Sequence polymorphism within erythrocyte binding domain of EBA175 in Indian and African field isolates

Monal Sharma1*, Shailja Singh2

International Centre for Genetic Engineering and Biotechnology (ICGEB), New Delhi, India

Abstract

Invasion of erythrocyte by Plasmodium merozoites is mediated by specific molecular interactions between proteins expressed on merozoite surface and the receptors present on erythrocytes. Erythrocyte binding antigen 175 (EBA175) is one such protein that interacts with the sialic acid residues on glycophorin A present on erythrocytes’ surface during invasion. The FII region (PfFII) of EBA175 has been mapped to be critical for binding to erythrocytes. It is reported that antibodies against FII region blocks binding. Polymorphisms in FII region of EBA175 are already reported. The goal of this study was to investigate whether polymorphism in FII region of African P. falciparum field isolates has any effect on erythrocyte binding and also to find whether antibodies raised against FII region from P. falciparum Malayan Camp strain (Camp) can inhibit erythrocyte binding. Genomic DNA of parasites from the blood samples of P. falciparum infected individuals was isolated and PfFII region from these genomic DNA were amplified, cloned and sequenced. Following sequence analysis we selected three isolates harboring higher PfFII polymorphisms, expressed them on the surface of COS cells as chimeric proteins using secretory signal and transmembrane segments of Herpex simplex virus glycoprotein D (HSVg D) and tested for their erythrocyte binding ability.
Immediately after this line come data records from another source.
lemma block2_cnj_pattern:
  fixes row col :: "nat \<Rightarrow> complex^'n" and A :: "real^'n^'n"
  assumes "row (2*k) = vcnj (row (2*k-1))" "col (2*j) = - vcnj (col (2*j-1))"
  defines "p \<equiv> vdot (row (2*k-1)) (cmat A *v col (2*j-1))"
    and "q \<equiv> vdot (row (2*k-1)) (cmat A *v vcnj (col (2*j-1)))"
  shows "block2 (\<lambda>a b. vdot (row a) (cmat A *v col b)) k j
    = vector [vector [p, - q], vector [cnj q, - cnj p]]"
  using vdot_vcnj_cmat[of "row (2*k-1)" A "vcnj (col (2*j-1))"]
  by (simp add: block2_def assms matrix_vector_mult_uminus_right vdot_uminus_right
      vdot_vcnj_cmat vcnj_vcnj)

lemma F_block2_interleave:
  fixes M D K :: "real^'n^'n" and B C :: "real^'n" and \<zeta> \<rho> \<omega> \<phi> :: "nat \<Rightarrow> real"
  assumes "invertible (pencil M D K (\<i> * complex_of_real (\<zeta> j)))"
    and "invertible (pencil M D K (\<i> * complex_of_real (\<omega> k)))" and "1 \<le> j" "1 \<le> k"
  defines "l \<equiv> Lrow M D K C (interleave \<omega>) (dupl \<phi>) (2*k-1)"
    and "u \<equiv> Ucol M D K B (interleave \<zeta>) (dupl \<rho>) (2*j-1)"
  shows "F2 ** block2 (\<lambda>a b. vdot (Lrow M D K C (interleave \<omega>) (dupl \<phi>) a)
      (cmat A *v Ucol M D K B (interleave \<zeta>) (dupl \<rho>) b)) k j ** ctrans F1
    = real_block (vdot l (cmat A *v u)) (vdot l (cmat A *v vcnj u))"
  unfolding l_def u_def
    block2_cnj_pattern[OF Lrow_interleave_even[where \<omega> = \<omega> and k = k, OF assms(2,4)]
      Ucol_interleave_even[where \<zeta> = \<zeta> and j = j, OF assms(1,3)]]
  by (rule F_realify_block)

lemma F2_seg2_BBt_interleave:
  fixes M D K :: "real^'n^'n" and B C :: "real^'n" and \<omega> \<phi> :: "nat \<Rightarrow> real"
  assumes "invertible (pencil M D K (\<i> * complex_of_real (\<omega> k)))" "1 \<le> k"
  defines "Hw \<equiv> tf M D K B C (\<i> * complex_of_real (\<omega> k))"
  shows "F2 *v seg2 (BBt M D K B C (interleave \<omega>) (dupl \<phi>)) k
    = (sqrt 2 * \<phi> k) *\<^sub>R (vector [complex_of_real (Re Hw), complex_of_real (- Im Hw)] :: complex^2)"
proof -
  let ?l = "Lrow M D K C (interleave \<omega>) (dupl \<phi>) (2*k-1)"
  have "BBt M D K B C (interleave \<omega>) (dupl \<phi>) (2*k) = cnj (vdot ?l (cvec B))"
    unfolding BBt_as_vdot Lrow_interleave_even[where \<omega> = \<omega> and k = k, OF assms(1,2)]
    by (metis vcnj_cvec vdot_vcnj)
  then show ?thesis
    unfolding seg2_def Hw_def
    by (simp only: BBt_as_vdot vdot_Lrow_interleave_odd_B[OF assms(2)] complex_cnj_mult
        complex_cnj_complex_of_real F2_realify_column)
qed

lemma seg2_CCt_F1_interleave:
  fixes M D K :: "real^'n^'n" and B C :: "real^'n" and \<zeta> \<rho> :: "nat \<Rightarrow> real"
  assumes "invertible (pencil M D K (\<i> * complex_of_real (\<zeta> j)))" "1 \<le> j"
  defines "Hz \<equiv> tf M D K B C (\<i> * complex_of_real (\<zeta> j))"
  shows "seg2 (CCt M D K B C (interleave \<zeta>) (dupl \<rho>)) j v* ctrans F1
    = (sqrt 2 * \<rho> j * \<zeta> j) *\<^sub>R (vector [complex_of_real (Re Hz), complex_of_real (Im Hz)] :: complex^2)"
proof -
  let ?u = "Ucol M D K B (interleave \<zeta>) (dupl \<rho>) (2*j-1)"
  have "CCt M D K B C (interleave \<zeta>) (dupl \<rho>) (2*j) = - cnj (vdot (cvec C) ?u)"
    unfolding CCt_as_vdot vdot_uminus_right
      Ucol_interleave_even[where \<zeta> = \<zeta> and j = j, OF assms(1,2)]
    by (metis vcnj_cvec vdot_vcnj)
  then show ?thesis
    unfolding seg2_def Hz_def mult.assoc
    by (simp only: CCt_as_vdot vdot_C_Ucol_interleave_odd[OF assms(2)] complex_cnj_mult
        complex_cnj_complex_of_real F1_realify_row)
qed

lemma interpolation_identities:
  fixes M D K :: "real^'n^'n" and B C :: "real^'n" and \<zeta> \<rho> \<omega> \<phi> :: "nat \<Rightarrow> real"
  assumes "invertible (pencil M D K (\<i> * complex_of_real (\<zeta> j)))"
    and "invertible (pencil M D K (\<i> * complex_of_real (\<omega> k)))" and "1 \<le> j" "1 \<le> k"
  defines "l \<equiv> Lrow M D K C (interleave \<omega>) (dupl \<phi>) (2*k-1)"
    and "u \<equiv> Ucol M D K B (interleave \<zeta>) (dupl \<rho>) (2*j-1)"
    and "Hz \<equiv> tf M D K B C (\<i> * complex_of_real (\<zeta> j))"
    and "Hw \<equiv> tf M D K B C (\<i> * complex_of_real (\<omega> k))"
    and "c \<equiv> complex_of_real (\<phi> k * \<rho> j * \<zeta> j)"
  shows "vdot l (pencil M D K (\<i> * complex_of_real (\<omega> k)) *v u) = c * Hz"
    and "vdot l (pencil M D K (\<i> * complex_of_real (\<omega> k)) *v vcnj u) = c * cnj Hz"
    and "vdot l (pencil M D K (\<i> * complex_of_real (\<zeta> j)) *v u) = c * Hw"
    and "vdot l (pencil M D K (cnj (\<i> * complex_of_real (\<zeta> j))) *v vcnj u) = c * Hw"
proof -
  have row: "l v* pencil M D K (\<i> * complex_of_real (\<omega> k)) = complex_of_real (\<phi> k) *s cvec C"
    using matrix_inv_left[OF assms(2)] unfolding l_def Lrow_interleave_odd[OF assms(4)]
    by (simp add: scalar_vector_matrix_assoc
        vector_matrix_mul_assoc Gfun_def)
  have col: "pencil M D K (\<i> * complex_of_real (\<zeta> j)) *v u = complex_of_real (\<rho> j * \<zeta> j) *s cvec B"
    using matrix_inv_right[OF assms(1)] unfolding u_def Ucol_interleave_odd[OF assms(3)]
    by (simp add: vector_scalar_commute
        matrix_vector_mul_assoc Gfun_def)
  have Cu: "vdot (cvec C) u = complex_of_real (\<rho> j * \<zeta> j) * Hz"
    unfolding u_def Hz_def by (rule vdot_C_Ucol_interleave_odd[OF assms(3)])
  have lB: "vdot l (cvec B) = complex_of_real (\<phi> k) * Hw"
    unfolding l_def Hw_def by (rule vdot_Lrow_interleave_odd_B[OF assms(4)])
  have C_cnj_u: "vdot (cvec C) (vcnj u) = cnj (vdot (cvec C) u)"
    by (metis vcnj_cvec vdot_vcnj)
  show "vdot l (pencil M D K (\<i> * complex_of_real (\<omega> k)) *v u) = c * Hz"
    unfolding vdot_vector_matrix_mult[symmetric] row vdot_scale_left Cu by (simp add: c_def)
  show "vdot l (pencil M D K (\<i> * complex_of_real (\<omega> k)) *v vcnj u) = c * cnj Hz"
    unfolding vdot_vector_matrix_mult[symmetric] row vdot_scale_left C_cnj_u Cu by (simp add: c_def)
  show "vdot l (pencil M D K (\<i> * complex_of_real (\<zeta> j)) *v u) = c * Hw"
    unfolding col vdot_scale_right lB by (simp add: c_def)
  show "vdot l (pencil M D K (cnj (\<i> * complex_of_real (\<zeta> j))) *v vcnj u) = c * Hw"
    unfolding pencil_cnj mcnj_matrix_vector_mult col vcnj_scale_real vcnj_cvec vdot_scale_right lB
    by (simp add: c_def)
qed

lemma real_block_left_equation:
  fixes p q P Q h :: complex and w a b c :: real
  assumes "(\<i> * w)\<^sup>2 * p + (\<i> * w) * (a * p + b * P) + P = c * h"
    and "(\<i> * w)\<^sup>2 * q + (\<i> * w) * (a * q + b * Q) + Q = c * cnj h"
  shows "- ((w\<^sup>2 *\<^sub>R (mat 1 :: complex^2^2)) ** real_block p q)
      + (vector [vector [0, complex_of_real w], vector [- complex_of_real w, 0]] :: complex^2^2)
        ** (a *\<^sub>R real_block p q + b *\<^sub>R real_block P Q) + real_block P Q
    = (2 * c) *\<^sub>R (vector [vector [complex_of_real (Re h), complex_of_real (Im h)], vector [0, 0]] :: complex^2^2)"
proof -
  have "- (w\<^sup>2 * Re p) - w * (a * Im p + b * Im P) + Re P = c * Re h"
    "- (w\<^sup>2 * Im p) + w * (a * Re p + b * Re P) + Im P = c * Im h"
    "- (w\<^sup>2 * Re q) - w * (a * Im q + b * Im Q) + Re Q = c * Re h"
    "- (w\<^sup>2 * Im q) + w * (a * Re q + b * Re Q) + Im Q = - (c * Im h)"
    using assms[THEN arg_cong[where f = Re]] assms[THEN arg_cong[where f = Im]]
    by (simp_all add: power2_eq_square algebra_simps)
  then show ?thesis
    by (simp add: vec_eq_iff forall_2 sum_2 matrix_matrix_mult_def real_block_def mat_def
        complex_eq_iff algebra_simps)
qed
(* Let $n=2^\ell$, let $S=\{u_1,\dots,u_m\}\subseteq\mathbb{F}_2^d\setminus\{0\}$ be a set of $m$ distinct nonzero vectors, let $h:\mathbb{F}_2^d\to\mathbb{F}_2^\ell$ be a uniformly random linear map, fix $y\in\mathbb{F}_2^\ell$, let $Z_y:=|\{i:h(u_i)=y\}|$ and $\lambda:=m/n$. Then for every integer $a\ge1$, \[ \Pr[Z_y>2^a-2]\le\gamma^{-1}\lambda^a2^{-a^2}, \] where $\gamma:=\prod_{j=1}^\infty(1-2^{-j})$.
   Context: A uniformly random linear map is chosen uniformly among all linear maps $\mathbb{F}_2^d\to\mathbb{F}_2^\ell$. *)

theory Defs
  imports "HOL-Analysis.Analysis" "HOL-Library.Z2"
begin

text \<open>Vectors of F_2^d, represented as functions nat => bit vanishing at indices >= d.\<close>
definition f2vecs :: "nat \<Rightarrow> (nat \<Rightarrow> bit) set" where
  "f2vecs d = {v. \<forall>i\<ge>d. v i = 0}"

text \<open>Linear maps F_2^d -> F_2^l, made extensional (value 0 outside F_2^d) so the set is finite.\<close>
definition f2_linear_maps :: "nat \<Rightarrow> nat \<Rightarrow> ((nat \<Rightarrow> bit) \<Rightarrow> (nat \<Rightarrow> bit)) set" where
  "f2_linear_maps d l = {h.
     (\<forall>x\<in>f2vecs d. h x \<in> f2vecs l) \<and>
     (\<forall>x\<in>f2vecs d. \<forall>y\<in>f2vecs d. h (\<lambda>i. x i + y i) = (\<lambda>i. h x i + h y i)) \<and>
     (\<forall>c::bit. \<forall>x\<in>f2vecs d. h (\<lambda>i. c * x i) = (\<lambda>i. c * h x i)) \<and>
     (\<forall>x. x \<notin> f2vecs d \<longrightarrow> h x = (\<lambda>_. 0))}"

definition gamma2 :: real where
  "gamma2 = (\<Prod>j. 1 - (1/2) ^ Suc j)"

end

(*
  If Z_y >= 2^a - 1, then h maps at least 2^a - 1 distinct nonzero vectors u_i to y. Since the
  span of j independent vectors contains only 2^j - 1 nonzero vectors, a greedy choice yields at
  least c = prod_{j<a} (2^a - 2^j) ordered a-tuples of linearly independent vectors among them.
  Conversely, a fixed independent a-tuple is sent to y by at most a 2^(-l a) fraction of all
  linear maps, and there are at most m^a such tuples. Double counting the pairs (h, tuple) gives
  Pr[Z_y > 2^a - 2] * c <= m^a 2^(-l a), and c = 2^(a^2) prod_{j=1}^a (1 - 2^(-j)) >= gamma 2^(a^2).
*)

theory Submission
  imports Defs "HOL-Library.Function_Algebras"
begin

lemma bit_UNIV: "(UNIV :: bit set) = {0, 1}"
  by (auto intro: bit.exhaust)

lemma card_bit_UNIV: "card (UNIV :: bit set) = 2"
  by (simp add: bit_UNIV)

(* Keep arithmetic on bit as field arithmetic rather than rewriting it to Boolean connectives. *)
declare mult_bit_eq_and [simp del] add_bit_eq_xor [simp del]

lemma card_image_filter:
  assumes "inj_on u A"
  shows "card {v \<in> u ` A. P v} = card {i \<in> A. P (u i)}"
proof -
  have "{v \<in> u ` A. P v} = u ` {i \<in> A. P (u i)}"
    by auto
  moreover have "inj_on u {i \<in> A. P (u i)}"
    using assms by (rule inj_on_subset) auto
  ultimately show ?thesis
    by (simp add: card_image)
qed

lemma (in module) finite_span_card_le:
  assumes "finite (UNIV :: 'a set)" and "finite B"
  shows "finite (span B)" and "card (span B) \<le> CARD('a) ^ card B"
proof -
  define comb where "comb c = (\<Sum>v\<in>B. scale (c v) v)" for c
  have "span B = comb ` (B \<rightarrow>\<^sub>E UNIV)"
  proof -
    have "comb c \<in> comb ` (B \<rightarrow>\<^sub>E UNIV)" for c
    proof
      show "comb c = comb (restrict c B)"
        unfolding comb_def by (rule sum.cong) auto
    qed simp
    then show ?thesis
      unfolding span_finite[OF assms(2)] comb_def[symmetric] by blast
  qed
  then show "finite (span B)" and "card (span B) \<le> CARD('a) ^ card B"
    using assms card_image_le[of "B \<rightarrow>\<^sub>E UNIV" comb]
    by (auto simp: finite_PiE card_PiE)
qed

definition (in vector_space) independent_tuples :: "nat \<Rightarrow> 'b set \<Rightarrow> (nat \<Rightarrow> 'b) set" where
  "independent_tuples k V =
     {w \<in> {..<k} \<rightarrow>\<^sub>E V. inj_on w {..<k} \<and> independent (w ` {..<k})}"
lemma upper_bound:
  assumes g: "simple_graph N E" and m: "m \<ge> 5" and n: "n \<ge> 4"
    and dvd: "(m - 1) dvd (n - 3)" and N: "N = m + n - 3"
  shows "(contains N E m (T1 m) \<and> contains N E m (T2 m)) \<or> contains N (compl_graph E) n (Tprime n)"
proof (cases "\<exists>v<N. n - 1 \<le> card (nbhd N (compl_graph E) v)")
  case True
  then obtain v where v: "v < N" "n - 1 \<le> card (nbhd N (compl_graph E) v)" by blast
  let ?C = "nbhd N (compl_graph E) v"
  show ?thesis
  proof (cases "\<exists>u\<in>?C. \<exists>w<N. compl_graph E u w \<and> w \<noteq> v")
    case True
    then obtain u w where "u \<in> ?C" "w < N" "compl_graph E u w" "w \<noteq> v" by blast
    then show ?thesis using Tprime_in_complement[OF g _ v] n by simp
  next
    case False
    have "3 \<le> card ?C" using v(2) n by linarith
    then obtain u1 u2 u3 where u: "u1 \<in> ?C" "u2 \<in> ?C" "u3 \<in> ?C" "distinct [u1, u2, u3]"
      using three_elements by blast
    have distinct: "distinct [v, u1, u2, u3]" "{v, u1, u2, u3} \<subseteq> {..<N}"
      using u v(1) unfolding nbhd_def compl_graph_def by auto
    have dominating: "\<forall>u\<in>{u1, u2, u3}. \<forall>x<N. x \<notin> {u, v} \<longrightarrow> E u x"
    proof (intro ballI allI impI)
      fix u x assume ux: "u \<in> {u1, u2, u3}" "x < N" "x \<notin> {u, v}"
      then have "\<not> compl_graph E u x" using False u(1-3) by blast
      then show "E u x" using ux(3) unfolding compl_graph_def by auto
    qed
    have "m + 1 \<le> N" using N n by simp
    then show ?thesis using trees_of_dominating_triple[OF g m _ distinct dominating] by blast
  qed
next
  case False
  have "\<forall>v<N. m - 2 \<le> card (nbhd N E v)"
  proof (intro allI impI)
    fix v assume v: "v < N"
    then have "\<not> n - 1 \<le> card (nbhd N (compl_graph E) v)" using False by blast
    then show "m - 2 \<le> card (nbhd N E v)" using degree_sum[OF g v] N m n by linarith
  qed
  moreover have "\<not> (m - 1) dvd N"
  proof
    assume "(m - 1) dvd N"
    moreover have "N = ((m - 1) + (n - 3)) + 1" using N m n by simp
    moreover have "(m - 1) dvd (m - 1) + (n - 3)" using dvd by simp
    ultimately have "(m - 1) dvd 1" by (metis dvd_add_right_iff)
    then show False using m by simp
  qed
  ultimately show ?thesis using trees_of_min_degree[OF g m] by blast
qed

(* The extremal graph: consecutive blocks of d vertices, each block a clique. *)
definition block_graph :: "nat \<Rightarrow> nat \<Rightarrow> nat \<Rightarrow> bool" where
  "block_graph d x y \<longleftrightarrow> x \<noteq> y \<and> x div d = y div d"

lemma block_graph_simple: "simple_graph N (block_graph d)"
  unfolding simple_graph_def block_graph_def by auto

lemma block_eq:
  fixes d q :: nat assumes d: "0 < d"
  shows "{y. y div d = q} = {d * q..<d * q + d}"
proof (intro set_eqI iffI)
  fix y assume "y \<in> {y. y div d = q}"
  then show "y \<in> {d * q..<d * q + d}"
    using times_div_less_eq_dividend[of d y] dividend_less_times_div[OF d, of y] by auto
next
  fix y assume "y \<in> {d * q..<d * q + d}"
  then show "y \<in> {y. y div d = q}" by (auto intro: div_nat_eqI)
qed

lemma Tmi_radius_two:
  assumes m: "m \<ge> 5" and i: "i \<in> {1, 2}" and j: "j < m"
  shows "j = 0 \<or> Tmi i m 0 j \<or> (\<exists>p<m. Tmi i m 0 p \<and> Tmi i m p j)"
proof -
  define k where "k = m - 5"
  have k: "m = k + 5" using m by (simp add: k_def)
  define p where "p = (if i = 1 then k + 1 else k + 2)"
  have star: "Tmi i m 0 j" if "1 \<le> j" "j \<le> k + 2" for j
    using that by (simp add: Tmi_def T1_edge T2_edge k)
  have p: "p < m" "Tmi i m 0 p" using star unfolding p_def k by auto
  from j k consider "j = 0" | "1 \<le> j" "j \<le> k + 2" | "j = k + 3" | "j = k + 4"
    by linarith
  then show ?thesis
  proof cases
    case 2
    then show ?thesis using star by blast
  next
    case 3
    have "Tmi i m p (k + 3)" using i by (auto simp: p_def Tmi_def T1_edge T2_edge k)
    then show ?thesis using p 3 by blast
  next
    case 4
    have "Tmi i m (k + 2) (k + 4)" using i by (auto simp: Tmi_def T1_edge T2_edge k)
    moreover have "k + 2 < m" "Tmi i m 0 (k + 2)" using star k by auto
    ultimately show ?thesis using 4 by blast
  qed simp
qed

(* The block graph with blocks of size m - 1 contains no T_m^i: the tree is connected, so its m
   vertices would have to lie in a single block. *)
lemma no_Tmi_in_block_graph:
  assumes m: "m \<ge> 5" and i: "i \<in> {1, 2}"
  shows "\<not> contains N (block_graph (m - 1)) m (Tmi i m)"
proof
  let ?d = "m - 1"
  assume "contains N (block_graph ?d) m (Tmi i m)"
  then obtain f where f: "inj_on f {..<m}"
    and edges: "\<forall>a<m. \<forall>b<m. Tmi i m a b \<longrightarrow> block_graph ?d (f a) (f b)"
    unfolding contains_def by blast
  have same_block: "f a div ?d = f b div ?d" if "a < m" "b < m" "Tmi i m a b" for a b
    using edges that unfolding block_graph_def by blast
  have "f j div ?d = f 0 div ?d" if j: "j < m" for j
  proof -
    from Tmi_radius_two[OF m i j] consider "j = 0" | "Tmi i m 0 j"
      | p where "p < m" "Tmi i m 0 p" "Tmi i m p j" by blast
    then show ?thesis
    proof cases
      case 2
      then show ?thesis using same_block[of 0 j] j by simp
    next
      case (3 p)
      then show ?thesis using same_block[of 0 p] same_block[of p j] j by simp
    qed simp
  qed
  then have "f ` {..<m} \<subseteq> {y. y div ?d = f 0 div ?d}" by auto
  then have "card (f ` {..<m}) \<le> card {y. y div ?d = f 0 div ?d}"
    using m by (intro card_mono) (simp_all add: block_eq)
  also have "\<dots> = ?d" using m by (simp add: block_eq)
  finally show False using card_image[OF f] m by simp
qed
We further tested the inhibition of erythrocyte binding of these polymorphic FII regions using anti-campPfF2 antibodies. Our results reveal that the polymorphisms in different field isolates included in this study do not have any significant effect on erythrocyte binding and antibodies raised against FII region of camp strain could inhibit erythrocyte binding by all the polymorphic PfFII. This observation strengthens the possibility that PfFII can be a potential candidate vaccine.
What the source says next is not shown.